● Exercise prompt
Check every line of the data below for the word "tlift". Copy the ones that have it.

[Extracted records — start]

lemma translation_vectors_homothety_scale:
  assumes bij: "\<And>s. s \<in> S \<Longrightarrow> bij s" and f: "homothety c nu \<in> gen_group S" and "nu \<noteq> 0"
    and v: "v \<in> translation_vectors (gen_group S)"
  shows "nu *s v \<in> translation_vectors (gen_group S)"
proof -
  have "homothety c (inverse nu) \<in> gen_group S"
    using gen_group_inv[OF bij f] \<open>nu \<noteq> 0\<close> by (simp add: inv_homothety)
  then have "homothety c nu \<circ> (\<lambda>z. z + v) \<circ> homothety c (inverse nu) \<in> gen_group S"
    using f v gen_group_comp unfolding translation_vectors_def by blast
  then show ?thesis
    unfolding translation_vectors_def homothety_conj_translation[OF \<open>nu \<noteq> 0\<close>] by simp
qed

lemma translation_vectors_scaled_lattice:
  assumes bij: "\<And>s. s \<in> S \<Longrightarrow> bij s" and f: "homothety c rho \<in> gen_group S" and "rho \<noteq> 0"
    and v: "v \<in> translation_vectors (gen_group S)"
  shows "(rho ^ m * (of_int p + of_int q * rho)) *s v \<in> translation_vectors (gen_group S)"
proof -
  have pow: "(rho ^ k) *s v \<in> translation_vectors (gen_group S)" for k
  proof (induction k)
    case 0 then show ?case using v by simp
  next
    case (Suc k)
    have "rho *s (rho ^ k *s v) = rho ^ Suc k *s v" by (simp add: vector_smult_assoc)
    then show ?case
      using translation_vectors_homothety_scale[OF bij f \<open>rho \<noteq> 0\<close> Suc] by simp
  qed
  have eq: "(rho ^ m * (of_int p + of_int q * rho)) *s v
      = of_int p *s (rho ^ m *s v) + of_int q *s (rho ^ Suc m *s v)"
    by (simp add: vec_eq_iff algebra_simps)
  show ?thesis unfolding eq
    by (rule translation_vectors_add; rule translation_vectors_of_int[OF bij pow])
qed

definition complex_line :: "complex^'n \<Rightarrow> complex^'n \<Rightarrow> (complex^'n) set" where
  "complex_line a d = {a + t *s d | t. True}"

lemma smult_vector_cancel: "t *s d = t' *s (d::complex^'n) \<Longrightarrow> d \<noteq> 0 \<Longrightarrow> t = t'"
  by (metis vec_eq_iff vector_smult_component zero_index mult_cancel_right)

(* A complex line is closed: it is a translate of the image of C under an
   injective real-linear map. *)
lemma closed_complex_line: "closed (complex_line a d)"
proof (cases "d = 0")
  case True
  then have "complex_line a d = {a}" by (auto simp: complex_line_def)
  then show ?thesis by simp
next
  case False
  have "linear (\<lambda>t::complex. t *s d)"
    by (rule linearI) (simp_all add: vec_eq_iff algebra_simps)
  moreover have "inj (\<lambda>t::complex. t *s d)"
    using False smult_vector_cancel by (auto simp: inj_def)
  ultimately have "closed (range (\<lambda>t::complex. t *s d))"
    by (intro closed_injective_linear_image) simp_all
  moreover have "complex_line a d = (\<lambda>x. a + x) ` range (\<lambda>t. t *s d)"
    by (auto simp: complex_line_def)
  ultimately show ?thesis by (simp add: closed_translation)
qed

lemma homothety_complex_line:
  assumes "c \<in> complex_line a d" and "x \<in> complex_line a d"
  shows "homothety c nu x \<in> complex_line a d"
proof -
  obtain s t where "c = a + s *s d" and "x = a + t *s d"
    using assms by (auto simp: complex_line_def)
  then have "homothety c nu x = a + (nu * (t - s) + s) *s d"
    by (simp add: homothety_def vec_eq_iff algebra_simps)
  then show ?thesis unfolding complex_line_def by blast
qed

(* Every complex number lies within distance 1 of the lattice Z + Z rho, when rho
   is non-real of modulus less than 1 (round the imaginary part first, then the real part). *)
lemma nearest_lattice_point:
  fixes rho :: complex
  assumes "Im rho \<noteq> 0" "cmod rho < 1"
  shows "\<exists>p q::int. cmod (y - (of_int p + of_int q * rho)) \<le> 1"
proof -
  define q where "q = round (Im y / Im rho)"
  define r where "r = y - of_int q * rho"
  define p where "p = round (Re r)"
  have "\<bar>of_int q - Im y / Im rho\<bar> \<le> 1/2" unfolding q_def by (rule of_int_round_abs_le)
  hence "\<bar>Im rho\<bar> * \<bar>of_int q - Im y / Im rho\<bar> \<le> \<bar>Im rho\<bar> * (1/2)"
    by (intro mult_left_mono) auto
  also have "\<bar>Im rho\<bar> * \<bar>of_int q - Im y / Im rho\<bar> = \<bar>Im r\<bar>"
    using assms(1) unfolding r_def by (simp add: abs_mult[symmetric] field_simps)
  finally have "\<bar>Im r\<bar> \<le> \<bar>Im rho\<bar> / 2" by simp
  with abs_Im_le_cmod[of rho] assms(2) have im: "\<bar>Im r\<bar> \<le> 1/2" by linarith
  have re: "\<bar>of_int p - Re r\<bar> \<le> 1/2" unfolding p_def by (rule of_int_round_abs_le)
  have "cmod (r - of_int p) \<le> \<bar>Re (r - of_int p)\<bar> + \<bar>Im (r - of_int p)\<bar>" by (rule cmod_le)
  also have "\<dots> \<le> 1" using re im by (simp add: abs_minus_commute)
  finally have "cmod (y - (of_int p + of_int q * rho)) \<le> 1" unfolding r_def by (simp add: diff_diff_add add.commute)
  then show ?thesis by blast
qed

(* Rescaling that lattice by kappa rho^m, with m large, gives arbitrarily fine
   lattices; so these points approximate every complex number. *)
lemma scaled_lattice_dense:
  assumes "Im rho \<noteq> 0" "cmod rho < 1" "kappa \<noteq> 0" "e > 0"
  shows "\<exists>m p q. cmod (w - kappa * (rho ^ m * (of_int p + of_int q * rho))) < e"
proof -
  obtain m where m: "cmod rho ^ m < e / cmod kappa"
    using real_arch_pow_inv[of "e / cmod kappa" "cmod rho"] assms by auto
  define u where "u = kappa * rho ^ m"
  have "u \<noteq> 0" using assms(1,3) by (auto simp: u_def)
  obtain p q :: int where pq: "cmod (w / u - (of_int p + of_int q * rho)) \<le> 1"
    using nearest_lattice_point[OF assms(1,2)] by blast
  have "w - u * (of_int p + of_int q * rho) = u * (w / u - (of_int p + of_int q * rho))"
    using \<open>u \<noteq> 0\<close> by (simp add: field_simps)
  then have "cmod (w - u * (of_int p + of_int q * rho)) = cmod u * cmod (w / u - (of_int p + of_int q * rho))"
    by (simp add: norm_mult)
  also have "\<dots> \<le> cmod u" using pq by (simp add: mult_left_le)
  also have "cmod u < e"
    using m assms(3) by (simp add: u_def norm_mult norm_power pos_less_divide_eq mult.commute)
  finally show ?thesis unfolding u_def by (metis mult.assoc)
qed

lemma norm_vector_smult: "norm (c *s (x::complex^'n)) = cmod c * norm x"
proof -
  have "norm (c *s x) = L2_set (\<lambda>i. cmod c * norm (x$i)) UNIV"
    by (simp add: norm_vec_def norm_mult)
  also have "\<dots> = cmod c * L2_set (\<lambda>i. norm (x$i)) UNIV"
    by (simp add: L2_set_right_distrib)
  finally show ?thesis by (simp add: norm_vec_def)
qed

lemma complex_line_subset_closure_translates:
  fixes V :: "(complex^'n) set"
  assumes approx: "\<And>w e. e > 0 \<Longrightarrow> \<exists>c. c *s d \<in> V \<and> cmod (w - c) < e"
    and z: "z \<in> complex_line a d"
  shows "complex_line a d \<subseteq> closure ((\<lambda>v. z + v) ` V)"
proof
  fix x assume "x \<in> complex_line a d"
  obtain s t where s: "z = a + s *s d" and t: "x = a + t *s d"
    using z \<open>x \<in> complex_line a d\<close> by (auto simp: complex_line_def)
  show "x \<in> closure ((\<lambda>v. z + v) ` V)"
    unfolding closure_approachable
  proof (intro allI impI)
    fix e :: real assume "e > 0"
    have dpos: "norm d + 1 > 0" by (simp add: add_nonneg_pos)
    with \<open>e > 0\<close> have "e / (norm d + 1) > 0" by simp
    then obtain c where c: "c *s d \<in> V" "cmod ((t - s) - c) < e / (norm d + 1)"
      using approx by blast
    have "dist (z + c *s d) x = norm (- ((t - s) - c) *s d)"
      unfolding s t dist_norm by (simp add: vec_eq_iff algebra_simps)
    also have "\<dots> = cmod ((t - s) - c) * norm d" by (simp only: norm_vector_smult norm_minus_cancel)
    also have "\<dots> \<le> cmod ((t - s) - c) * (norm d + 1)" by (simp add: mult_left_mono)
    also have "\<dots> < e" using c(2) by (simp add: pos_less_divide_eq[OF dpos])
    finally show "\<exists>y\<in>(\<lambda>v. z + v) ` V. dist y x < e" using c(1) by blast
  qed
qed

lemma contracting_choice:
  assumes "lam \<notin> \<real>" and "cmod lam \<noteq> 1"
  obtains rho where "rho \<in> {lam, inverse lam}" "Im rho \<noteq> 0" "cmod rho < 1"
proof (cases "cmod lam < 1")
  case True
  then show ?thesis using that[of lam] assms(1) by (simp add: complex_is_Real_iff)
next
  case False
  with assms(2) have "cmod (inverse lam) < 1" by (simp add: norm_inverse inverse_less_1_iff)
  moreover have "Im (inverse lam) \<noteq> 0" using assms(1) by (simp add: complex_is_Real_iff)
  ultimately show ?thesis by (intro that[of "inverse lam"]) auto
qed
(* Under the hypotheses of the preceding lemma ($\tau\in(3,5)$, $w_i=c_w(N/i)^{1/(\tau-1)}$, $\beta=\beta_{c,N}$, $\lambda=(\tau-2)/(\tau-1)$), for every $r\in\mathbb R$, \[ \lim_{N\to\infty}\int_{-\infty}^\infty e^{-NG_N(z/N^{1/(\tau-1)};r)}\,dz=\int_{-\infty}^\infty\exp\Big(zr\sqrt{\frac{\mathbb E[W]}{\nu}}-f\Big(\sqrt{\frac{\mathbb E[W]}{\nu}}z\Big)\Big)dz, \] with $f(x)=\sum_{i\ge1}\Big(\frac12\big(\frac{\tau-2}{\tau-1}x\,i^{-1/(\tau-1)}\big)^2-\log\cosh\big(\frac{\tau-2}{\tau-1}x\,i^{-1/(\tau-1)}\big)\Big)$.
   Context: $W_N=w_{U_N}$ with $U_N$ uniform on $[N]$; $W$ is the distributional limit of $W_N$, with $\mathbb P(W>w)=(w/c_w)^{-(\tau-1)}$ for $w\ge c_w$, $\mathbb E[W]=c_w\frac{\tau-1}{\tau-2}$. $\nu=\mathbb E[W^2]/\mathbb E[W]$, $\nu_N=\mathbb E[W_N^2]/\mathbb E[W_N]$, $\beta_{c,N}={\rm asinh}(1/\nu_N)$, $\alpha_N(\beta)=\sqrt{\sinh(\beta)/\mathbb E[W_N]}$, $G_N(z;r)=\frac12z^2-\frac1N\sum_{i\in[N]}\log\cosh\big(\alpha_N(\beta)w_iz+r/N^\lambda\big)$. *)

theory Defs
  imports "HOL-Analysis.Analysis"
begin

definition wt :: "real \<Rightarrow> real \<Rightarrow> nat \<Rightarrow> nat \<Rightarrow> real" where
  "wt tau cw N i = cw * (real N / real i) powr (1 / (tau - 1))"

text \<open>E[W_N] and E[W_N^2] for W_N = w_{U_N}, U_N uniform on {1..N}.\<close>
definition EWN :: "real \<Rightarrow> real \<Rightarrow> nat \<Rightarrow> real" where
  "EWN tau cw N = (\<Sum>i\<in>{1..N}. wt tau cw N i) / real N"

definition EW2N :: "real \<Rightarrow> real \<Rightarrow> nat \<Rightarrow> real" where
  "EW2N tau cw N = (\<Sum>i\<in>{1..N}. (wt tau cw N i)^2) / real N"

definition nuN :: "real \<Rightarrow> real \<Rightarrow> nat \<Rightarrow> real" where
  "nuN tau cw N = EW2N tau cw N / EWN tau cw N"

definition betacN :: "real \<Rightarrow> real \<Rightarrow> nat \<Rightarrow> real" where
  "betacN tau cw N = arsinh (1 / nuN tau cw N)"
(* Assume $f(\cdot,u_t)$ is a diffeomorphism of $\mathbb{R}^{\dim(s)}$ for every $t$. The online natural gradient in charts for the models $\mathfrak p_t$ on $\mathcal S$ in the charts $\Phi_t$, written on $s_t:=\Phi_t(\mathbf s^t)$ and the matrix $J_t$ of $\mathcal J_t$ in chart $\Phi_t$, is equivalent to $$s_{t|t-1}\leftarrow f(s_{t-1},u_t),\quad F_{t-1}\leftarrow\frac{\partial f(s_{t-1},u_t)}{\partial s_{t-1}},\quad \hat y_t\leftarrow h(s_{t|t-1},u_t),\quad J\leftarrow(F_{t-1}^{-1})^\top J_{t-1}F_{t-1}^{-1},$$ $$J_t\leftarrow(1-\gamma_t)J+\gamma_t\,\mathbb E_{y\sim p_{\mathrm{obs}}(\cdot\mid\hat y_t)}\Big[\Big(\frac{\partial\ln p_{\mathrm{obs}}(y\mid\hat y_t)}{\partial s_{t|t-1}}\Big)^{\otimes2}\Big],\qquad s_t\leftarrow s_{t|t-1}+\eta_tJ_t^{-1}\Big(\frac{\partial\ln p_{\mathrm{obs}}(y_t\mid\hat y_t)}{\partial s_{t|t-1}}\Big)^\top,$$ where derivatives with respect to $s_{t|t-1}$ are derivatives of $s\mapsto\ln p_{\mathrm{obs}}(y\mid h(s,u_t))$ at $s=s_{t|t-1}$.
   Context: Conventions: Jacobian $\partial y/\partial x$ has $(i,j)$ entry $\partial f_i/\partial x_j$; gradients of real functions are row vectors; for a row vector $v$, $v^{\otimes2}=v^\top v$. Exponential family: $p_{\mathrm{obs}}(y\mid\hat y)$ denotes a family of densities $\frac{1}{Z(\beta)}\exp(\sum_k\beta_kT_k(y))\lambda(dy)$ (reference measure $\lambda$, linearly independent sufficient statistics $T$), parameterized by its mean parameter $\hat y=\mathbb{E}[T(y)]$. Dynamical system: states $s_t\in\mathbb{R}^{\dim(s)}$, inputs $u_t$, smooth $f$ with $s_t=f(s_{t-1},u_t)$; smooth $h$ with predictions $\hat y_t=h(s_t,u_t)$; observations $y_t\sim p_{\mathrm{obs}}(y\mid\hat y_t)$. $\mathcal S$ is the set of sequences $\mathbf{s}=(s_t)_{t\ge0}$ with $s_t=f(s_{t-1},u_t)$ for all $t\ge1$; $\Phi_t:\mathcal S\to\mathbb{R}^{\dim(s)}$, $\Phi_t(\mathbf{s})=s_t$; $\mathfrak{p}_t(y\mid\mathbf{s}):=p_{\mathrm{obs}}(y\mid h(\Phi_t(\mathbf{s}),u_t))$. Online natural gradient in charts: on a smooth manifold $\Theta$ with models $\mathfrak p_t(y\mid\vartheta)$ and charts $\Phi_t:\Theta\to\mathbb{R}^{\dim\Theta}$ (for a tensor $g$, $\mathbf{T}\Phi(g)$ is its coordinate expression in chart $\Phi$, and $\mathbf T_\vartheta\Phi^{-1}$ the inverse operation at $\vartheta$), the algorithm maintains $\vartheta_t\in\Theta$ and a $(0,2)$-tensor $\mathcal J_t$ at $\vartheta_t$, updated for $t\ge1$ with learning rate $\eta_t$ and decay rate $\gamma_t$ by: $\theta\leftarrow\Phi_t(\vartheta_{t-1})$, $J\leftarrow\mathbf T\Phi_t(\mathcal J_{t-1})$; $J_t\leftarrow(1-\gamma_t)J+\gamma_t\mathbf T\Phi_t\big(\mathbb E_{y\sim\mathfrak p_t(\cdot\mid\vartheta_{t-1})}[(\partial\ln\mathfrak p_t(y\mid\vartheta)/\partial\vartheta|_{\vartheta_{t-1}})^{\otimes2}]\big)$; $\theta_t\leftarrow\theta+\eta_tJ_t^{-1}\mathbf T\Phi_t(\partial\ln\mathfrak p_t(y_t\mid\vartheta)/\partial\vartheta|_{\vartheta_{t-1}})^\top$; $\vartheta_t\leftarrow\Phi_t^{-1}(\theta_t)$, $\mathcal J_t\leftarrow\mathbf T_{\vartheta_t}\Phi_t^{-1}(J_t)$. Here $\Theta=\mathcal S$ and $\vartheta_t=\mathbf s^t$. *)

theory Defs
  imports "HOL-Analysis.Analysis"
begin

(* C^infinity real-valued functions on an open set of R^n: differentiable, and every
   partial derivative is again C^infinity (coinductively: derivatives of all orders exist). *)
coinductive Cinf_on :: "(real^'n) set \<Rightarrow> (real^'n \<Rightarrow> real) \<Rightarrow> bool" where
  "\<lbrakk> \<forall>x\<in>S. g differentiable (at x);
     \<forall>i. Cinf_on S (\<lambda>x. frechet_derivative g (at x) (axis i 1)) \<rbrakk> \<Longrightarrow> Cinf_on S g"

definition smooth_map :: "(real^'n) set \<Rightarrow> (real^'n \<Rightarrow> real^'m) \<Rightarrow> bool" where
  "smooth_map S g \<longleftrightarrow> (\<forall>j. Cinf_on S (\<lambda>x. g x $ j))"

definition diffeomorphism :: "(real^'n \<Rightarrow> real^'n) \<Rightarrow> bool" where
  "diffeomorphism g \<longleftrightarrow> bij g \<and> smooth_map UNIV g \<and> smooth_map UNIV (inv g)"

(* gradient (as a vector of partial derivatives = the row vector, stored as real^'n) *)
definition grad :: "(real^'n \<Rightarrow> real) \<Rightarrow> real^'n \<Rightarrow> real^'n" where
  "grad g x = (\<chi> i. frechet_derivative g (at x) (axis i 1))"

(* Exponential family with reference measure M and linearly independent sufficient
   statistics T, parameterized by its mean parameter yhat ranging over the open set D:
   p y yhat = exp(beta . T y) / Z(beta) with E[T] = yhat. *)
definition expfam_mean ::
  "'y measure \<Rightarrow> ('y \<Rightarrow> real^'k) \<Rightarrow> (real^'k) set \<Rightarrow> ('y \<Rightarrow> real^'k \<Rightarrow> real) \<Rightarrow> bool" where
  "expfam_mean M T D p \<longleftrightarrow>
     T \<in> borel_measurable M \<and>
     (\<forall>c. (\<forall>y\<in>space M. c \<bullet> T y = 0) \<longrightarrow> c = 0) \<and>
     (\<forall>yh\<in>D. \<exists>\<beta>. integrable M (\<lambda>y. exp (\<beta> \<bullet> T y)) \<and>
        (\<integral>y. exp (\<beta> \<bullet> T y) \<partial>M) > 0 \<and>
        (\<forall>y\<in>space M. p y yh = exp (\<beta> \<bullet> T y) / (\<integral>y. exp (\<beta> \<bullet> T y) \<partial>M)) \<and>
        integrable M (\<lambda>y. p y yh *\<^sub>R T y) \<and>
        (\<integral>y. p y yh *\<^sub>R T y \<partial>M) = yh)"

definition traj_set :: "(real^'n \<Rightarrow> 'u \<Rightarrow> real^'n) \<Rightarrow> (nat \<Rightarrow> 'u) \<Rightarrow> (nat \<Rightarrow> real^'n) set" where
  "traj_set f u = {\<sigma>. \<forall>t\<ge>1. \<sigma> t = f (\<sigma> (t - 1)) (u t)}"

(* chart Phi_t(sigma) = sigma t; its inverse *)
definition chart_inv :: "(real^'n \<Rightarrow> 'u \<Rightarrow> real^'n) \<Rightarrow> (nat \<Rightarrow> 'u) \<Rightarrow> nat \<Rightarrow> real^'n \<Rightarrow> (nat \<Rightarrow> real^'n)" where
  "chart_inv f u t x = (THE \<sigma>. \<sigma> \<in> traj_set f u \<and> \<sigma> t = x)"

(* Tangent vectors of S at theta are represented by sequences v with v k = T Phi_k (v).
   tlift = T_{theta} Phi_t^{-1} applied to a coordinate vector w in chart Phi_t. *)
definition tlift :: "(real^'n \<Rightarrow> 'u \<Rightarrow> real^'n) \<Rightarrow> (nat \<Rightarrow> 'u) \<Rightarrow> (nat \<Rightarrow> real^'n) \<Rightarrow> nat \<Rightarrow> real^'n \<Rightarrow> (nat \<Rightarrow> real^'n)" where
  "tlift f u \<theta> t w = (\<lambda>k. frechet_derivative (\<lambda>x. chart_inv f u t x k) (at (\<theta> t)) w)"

[Extracted records — finish]

● Problem solution
   tlift = T_{theta} Phi_t^{-1} applied to a coordinate vector w in chart Phi_t. *)
definition tlift :: "(real^'n \<Rightarrow> 'u \<Rightarrow> real^'n) \<Rightarrow> (nat \<Rightarrow> 'u) \<Rightarrow> (nat \<Rightarrow> real^'n) \<Rightarrow> nat \<Rightarrow> real^'n \<Rightarrow> (nat \<Rightarrow> real^'n)" where
  "tlift f u \<theta> t w = (\<lambda>k. frechet_derivative (\<lambda>x. chart_inv f u t x k) (at (\<theta> t)) w)"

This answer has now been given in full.